DATASET EXTRACT:
··········

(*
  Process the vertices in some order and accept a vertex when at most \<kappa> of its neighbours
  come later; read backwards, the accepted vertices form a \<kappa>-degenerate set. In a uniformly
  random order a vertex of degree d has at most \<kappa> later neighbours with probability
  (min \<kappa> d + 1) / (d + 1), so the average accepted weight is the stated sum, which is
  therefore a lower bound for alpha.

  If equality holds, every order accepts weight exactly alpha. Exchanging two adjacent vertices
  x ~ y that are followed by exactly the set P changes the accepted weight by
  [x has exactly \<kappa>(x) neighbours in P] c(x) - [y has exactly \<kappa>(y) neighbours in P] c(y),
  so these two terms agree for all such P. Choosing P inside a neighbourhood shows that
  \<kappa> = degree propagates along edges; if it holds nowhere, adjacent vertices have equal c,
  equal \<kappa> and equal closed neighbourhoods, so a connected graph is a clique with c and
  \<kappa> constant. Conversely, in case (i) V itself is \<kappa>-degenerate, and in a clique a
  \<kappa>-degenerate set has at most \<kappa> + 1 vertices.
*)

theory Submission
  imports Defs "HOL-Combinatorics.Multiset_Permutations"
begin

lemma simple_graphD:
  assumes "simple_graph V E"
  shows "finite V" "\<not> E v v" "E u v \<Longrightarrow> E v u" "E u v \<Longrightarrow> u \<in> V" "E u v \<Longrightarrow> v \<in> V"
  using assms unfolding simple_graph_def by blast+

··········

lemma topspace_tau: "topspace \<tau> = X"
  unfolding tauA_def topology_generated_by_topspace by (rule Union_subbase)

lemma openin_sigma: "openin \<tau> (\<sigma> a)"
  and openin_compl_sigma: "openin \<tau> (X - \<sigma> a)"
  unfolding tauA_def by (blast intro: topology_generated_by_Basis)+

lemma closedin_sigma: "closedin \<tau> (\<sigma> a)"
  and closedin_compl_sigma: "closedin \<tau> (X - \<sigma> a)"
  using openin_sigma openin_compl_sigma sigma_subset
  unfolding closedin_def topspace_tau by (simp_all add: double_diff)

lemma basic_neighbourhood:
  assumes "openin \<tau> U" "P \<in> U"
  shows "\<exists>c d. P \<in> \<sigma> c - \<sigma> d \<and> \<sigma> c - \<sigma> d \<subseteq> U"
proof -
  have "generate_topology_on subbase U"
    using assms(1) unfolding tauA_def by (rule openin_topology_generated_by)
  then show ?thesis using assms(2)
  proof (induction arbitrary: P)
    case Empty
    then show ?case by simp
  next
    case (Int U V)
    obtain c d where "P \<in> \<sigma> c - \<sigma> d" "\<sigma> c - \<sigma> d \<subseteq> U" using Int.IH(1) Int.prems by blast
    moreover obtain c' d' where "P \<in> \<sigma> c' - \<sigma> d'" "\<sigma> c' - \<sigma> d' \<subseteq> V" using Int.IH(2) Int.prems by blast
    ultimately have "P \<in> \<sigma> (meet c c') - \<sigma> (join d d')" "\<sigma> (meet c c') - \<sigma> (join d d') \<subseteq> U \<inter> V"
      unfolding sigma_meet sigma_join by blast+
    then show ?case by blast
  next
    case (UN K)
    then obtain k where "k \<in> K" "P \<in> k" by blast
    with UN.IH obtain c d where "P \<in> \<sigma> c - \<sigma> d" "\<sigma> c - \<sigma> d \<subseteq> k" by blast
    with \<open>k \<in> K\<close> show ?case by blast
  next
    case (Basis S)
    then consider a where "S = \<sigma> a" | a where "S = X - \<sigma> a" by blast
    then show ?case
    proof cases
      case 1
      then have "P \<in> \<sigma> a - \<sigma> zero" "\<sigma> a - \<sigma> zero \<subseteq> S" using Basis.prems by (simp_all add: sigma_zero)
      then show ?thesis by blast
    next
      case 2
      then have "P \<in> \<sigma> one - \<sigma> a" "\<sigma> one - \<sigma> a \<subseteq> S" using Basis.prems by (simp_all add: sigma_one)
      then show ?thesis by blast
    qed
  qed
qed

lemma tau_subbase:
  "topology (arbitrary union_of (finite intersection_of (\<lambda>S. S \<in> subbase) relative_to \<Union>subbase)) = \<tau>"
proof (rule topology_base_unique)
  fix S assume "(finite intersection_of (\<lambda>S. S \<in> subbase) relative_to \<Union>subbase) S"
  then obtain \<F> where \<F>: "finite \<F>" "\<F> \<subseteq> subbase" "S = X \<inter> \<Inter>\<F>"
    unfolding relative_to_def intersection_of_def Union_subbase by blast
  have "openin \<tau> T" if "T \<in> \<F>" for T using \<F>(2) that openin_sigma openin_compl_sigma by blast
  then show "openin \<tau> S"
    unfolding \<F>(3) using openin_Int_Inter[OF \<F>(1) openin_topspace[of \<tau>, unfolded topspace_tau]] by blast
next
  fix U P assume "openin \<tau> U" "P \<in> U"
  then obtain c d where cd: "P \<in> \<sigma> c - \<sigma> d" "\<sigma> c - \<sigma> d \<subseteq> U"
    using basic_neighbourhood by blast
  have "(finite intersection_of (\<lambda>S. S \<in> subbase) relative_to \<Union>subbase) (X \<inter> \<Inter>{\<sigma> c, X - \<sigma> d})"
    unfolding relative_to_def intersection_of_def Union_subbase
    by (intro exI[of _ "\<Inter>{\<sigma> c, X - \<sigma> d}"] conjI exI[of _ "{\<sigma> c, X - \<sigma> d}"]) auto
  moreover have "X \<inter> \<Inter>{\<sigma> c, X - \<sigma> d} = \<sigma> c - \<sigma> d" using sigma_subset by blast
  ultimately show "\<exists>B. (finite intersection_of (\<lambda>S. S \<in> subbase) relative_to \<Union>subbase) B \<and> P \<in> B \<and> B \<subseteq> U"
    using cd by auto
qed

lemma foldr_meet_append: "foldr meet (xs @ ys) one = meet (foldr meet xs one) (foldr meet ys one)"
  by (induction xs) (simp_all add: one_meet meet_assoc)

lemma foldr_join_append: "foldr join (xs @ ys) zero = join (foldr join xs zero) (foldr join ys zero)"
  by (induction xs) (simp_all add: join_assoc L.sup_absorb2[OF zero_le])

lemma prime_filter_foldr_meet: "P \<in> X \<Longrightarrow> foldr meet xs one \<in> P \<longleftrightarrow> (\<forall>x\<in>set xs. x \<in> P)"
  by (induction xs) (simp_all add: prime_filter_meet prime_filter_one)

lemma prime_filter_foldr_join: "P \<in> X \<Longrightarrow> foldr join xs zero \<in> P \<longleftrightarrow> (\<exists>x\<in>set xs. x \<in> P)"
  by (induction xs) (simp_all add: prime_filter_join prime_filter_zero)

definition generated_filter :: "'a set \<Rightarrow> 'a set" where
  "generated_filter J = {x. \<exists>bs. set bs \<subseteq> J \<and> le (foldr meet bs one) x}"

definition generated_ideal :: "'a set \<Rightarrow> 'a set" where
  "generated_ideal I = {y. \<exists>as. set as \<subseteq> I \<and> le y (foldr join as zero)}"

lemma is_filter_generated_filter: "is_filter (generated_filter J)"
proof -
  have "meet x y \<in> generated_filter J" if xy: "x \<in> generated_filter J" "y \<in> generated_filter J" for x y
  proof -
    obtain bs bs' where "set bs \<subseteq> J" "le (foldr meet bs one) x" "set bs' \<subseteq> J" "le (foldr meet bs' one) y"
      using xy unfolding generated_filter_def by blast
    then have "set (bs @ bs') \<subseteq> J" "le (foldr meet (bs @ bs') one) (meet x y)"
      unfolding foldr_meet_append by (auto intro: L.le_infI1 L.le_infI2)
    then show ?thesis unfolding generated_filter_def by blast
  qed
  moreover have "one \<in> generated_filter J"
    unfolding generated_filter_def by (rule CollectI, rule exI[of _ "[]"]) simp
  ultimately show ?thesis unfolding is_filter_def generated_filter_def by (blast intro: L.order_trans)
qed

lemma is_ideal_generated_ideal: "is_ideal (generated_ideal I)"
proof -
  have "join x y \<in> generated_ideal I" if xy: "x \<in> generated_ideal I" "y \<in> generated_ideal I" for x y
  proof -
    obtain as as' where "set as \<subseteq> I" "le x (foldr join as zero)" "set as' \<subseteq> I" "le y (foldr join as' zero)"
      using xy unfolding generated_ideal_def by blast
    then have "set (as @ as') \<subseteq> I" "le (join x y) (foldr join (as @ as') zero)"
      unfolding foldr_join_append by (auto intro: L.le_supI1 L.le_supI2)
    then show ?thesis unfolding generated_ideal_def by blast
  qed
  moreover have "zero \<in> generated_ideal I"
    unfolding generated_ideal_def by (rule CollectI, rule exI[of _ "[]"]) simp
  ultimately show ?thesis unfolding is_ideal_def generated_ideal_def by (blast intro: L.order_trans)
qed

··········

Extract the lines of the preceding material that run from the line with "d d') \<subseteq>" through the line with "then obtain k", inclusive, reproducing them exactly and adding nothing.

OUTPUT FOR THIS EXERCISE:
    ultimately have "P \<in> \<sigma> (meet c c') - \<sigma> (join d d')" "\<sigma> (meet c c') - \<sigma> (join d d') \<subseteq> U \<inter> V"
      unfolding sigma_meet sigma_join by blast+
    then show ?case by blast
  next
    case (UN K)
    then obtain k where "k \<in> K" "P \<in> k" by blast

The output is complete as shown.